Among the lines below, some may contain the string "Longrightarrow". Say how many do, and give nothing besides the number.
##### Materials provided
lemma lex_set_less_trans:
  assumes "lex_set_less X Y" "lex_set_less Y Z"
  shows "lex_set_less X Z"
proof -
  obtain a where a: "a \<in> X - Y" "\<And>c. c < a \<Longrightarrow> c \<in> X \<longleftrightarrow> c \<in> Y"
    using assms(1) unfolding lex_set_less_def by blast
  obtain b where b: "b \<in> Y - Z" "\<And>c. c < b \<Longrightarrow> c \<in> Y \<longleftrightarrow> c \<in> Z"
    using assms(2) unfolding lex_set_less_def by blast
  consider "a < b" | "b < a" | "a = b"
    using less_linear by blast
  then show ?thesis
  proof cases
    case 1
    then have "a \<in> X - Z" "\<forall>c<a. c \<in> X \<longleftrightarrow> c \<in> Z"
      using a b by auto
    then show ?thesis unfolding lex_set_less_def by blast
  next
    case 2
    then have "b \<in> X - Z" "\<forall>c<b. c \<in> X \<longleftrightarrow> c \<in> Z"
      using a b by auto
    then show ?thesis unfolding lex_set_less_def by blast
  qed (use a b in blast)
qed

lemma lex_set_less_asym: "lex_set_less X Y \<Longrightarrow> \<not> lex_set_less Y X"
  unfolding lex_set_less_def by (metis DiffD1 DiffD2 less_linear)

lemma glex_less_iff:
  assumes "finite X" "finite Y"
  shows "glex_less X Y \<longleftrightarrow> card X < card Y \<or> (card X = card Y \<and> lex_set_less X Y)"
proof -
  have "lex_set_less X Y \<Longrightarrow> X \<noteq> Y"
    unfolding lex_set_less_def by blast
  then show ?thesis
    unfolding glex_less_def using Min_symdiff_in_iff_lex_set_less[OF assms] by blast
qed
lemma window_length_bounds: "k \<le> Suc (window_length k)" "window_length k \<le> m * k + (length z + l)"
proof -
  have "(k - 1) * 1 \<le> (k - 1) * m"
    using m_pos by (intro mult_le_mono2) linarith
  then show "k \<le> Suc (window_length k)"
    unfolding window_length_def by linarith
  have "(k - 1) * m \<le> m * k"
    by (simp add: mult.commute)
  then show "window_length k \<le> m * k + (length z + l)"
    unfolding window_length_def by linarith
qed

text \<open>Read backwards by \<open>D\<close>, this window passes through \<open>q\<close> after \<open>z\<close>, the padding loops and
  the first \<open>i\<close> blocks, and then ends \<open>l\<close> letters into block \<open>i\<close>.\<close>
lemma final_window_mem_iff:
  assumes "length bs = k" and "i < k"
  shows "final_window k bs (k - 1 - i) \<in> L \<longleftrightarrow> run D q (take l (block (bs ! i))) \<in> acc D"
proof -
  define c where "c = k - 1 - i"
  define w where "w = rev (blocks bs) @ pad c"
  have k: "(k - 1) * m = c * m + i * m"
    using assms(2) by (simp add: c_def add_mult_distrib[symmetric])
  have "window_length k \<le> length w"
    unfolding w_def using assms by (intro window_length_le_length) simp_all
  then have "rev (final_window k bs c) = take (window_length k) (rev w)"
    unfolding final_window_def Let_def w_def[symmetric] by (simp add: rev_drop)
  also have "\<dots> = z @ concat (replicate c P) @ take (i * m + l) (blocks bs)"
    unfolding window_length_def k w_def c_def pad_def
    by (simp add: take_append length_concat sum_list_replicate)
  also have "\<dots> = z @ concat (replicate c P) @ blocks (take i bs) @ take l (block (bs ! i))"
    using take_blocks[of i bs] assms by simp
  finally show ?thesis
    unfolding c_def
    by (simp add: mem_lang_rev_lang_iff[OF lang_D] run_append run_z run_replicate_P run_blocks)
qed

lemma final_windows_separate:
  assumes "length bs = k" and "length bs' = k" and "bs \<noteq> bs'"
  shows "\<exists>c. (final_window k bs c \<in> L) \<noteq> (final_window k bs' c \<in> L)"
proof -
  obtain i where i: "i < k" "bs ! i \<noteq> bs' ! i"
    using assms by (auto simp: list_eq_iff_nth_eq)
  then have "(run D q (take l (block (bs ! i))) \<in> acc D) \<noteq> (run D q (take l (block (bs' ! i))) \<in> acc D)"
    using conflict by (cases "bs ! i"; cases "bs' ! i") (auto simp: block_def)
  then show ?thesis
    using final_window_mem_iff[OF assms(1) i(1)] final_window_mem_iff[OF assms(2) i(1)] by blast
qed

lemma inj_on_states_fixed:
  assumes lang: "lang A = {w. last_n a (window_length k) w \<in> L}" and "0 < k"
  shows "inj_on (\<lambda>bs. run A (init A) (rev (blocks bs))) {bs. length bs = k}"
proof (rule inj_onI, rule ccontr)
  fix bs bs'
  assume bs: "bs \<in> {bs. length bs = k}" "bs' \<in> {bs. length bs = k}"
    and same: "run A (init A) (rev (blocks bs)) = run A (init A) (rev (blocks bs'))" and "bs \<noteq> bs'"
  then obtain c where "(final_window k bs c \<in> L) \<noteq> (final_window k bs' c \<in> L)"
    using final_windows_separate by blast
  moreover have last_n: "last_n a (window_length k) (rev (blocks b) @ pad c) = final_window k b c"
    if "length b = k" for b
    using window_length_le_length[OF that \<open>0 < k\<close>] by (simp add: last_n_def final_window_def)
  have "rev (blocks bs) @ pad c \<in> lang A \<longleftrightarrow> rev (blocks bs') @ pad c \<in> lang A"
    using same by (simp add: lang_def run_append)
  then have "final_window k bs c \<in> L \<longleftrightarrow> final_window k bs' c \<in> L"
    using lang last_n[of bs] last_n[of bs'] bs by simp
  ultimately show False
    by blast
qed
##########
##### Materials provided
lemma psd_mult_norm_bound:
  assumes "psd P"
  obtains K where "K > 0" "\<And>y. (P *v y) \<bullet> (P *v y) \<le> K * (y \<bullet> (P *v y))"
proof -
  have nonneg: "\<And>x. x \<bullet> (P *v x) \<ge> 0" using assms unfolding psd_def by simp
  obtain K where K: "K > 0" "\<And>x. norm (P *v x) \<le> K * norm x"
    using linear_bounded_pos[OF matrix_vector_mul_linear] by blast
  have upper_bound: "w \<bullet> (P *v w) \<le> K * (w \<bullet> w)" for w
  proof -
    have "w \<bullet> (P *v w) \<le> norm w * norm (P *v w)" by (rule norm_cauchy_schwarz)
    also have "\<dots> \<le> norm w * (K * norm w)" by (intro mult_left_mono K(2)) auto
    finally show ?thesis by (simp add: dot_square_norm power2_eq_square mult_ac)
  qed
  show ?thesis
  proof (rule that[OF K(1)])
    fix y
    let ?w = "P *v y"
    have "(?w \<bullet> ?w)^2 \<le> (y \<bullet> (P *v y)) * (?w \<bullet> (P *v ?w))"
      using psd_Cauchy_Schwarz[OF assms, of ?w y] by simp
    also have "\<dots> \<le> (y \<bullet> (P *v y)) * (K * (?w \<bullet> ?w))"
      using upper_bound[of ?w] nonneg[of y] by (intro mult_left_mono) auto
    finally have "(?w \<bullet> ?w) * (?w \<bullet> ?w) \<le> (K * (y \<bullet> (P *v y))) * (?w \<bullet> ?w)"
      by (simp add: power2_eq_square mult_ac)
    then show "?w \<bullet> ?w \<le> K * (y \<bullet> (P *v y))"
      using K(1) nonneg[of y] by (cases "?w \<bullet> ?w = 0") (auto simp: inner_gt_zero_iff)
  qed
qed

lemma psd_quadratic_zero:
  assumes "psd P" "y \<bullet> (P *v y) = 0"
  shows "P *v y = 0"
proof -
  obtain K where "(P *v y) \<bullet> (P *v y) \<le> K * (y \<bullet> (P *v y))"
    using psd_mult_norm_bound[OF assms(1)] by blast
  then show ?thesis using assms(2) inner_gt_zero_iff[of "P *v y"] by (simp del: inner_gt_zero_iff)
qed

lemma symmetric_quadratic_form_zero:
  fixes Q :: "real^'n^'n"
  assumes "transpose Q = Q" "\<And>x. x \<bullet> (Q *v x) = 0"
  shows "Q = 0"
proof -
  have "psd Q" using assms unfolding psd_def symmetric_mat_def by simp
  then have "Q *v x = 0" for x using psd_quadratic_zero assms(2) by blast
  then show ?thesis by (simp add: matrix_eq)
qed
##########
##### Materials provided
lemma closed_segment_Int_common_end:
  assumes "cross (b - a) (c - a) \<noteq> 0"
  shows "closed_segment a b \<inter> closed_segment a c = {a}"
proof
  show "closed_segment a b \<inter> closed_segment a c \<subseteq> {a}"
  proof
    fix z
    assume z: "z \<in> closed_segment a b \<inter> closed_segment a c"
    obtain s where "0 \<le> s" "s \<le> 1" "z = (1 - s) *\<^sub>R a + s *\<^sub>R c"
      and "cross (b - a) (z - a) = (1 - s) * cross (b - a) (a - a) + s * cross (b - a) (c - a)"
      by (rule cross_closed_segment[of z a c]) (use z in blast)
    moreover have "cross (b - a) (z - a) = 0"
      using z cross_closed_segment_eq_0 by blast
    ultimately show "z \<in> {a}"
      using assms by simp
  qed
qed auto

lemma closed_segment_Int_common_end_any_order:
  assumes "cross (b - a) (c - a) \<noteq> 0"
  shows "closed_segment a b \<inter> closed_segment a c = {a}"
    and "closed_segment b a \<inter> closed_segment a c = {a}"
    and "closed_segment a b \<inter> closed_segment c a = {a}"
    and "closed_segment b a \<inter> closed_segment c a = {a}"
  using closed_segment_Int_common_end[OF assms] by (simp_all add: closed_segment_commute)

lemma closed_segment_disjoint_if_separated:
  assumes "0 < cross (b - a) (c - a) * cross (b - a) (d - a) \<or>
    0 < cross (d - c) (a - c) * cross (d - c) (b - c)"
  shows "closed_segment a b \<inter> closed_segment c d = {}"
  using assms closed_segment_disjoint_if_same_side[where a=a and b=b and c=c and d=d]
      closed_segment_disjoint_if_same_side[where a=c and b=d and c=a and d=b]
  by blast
##########
Solution to this task =>
4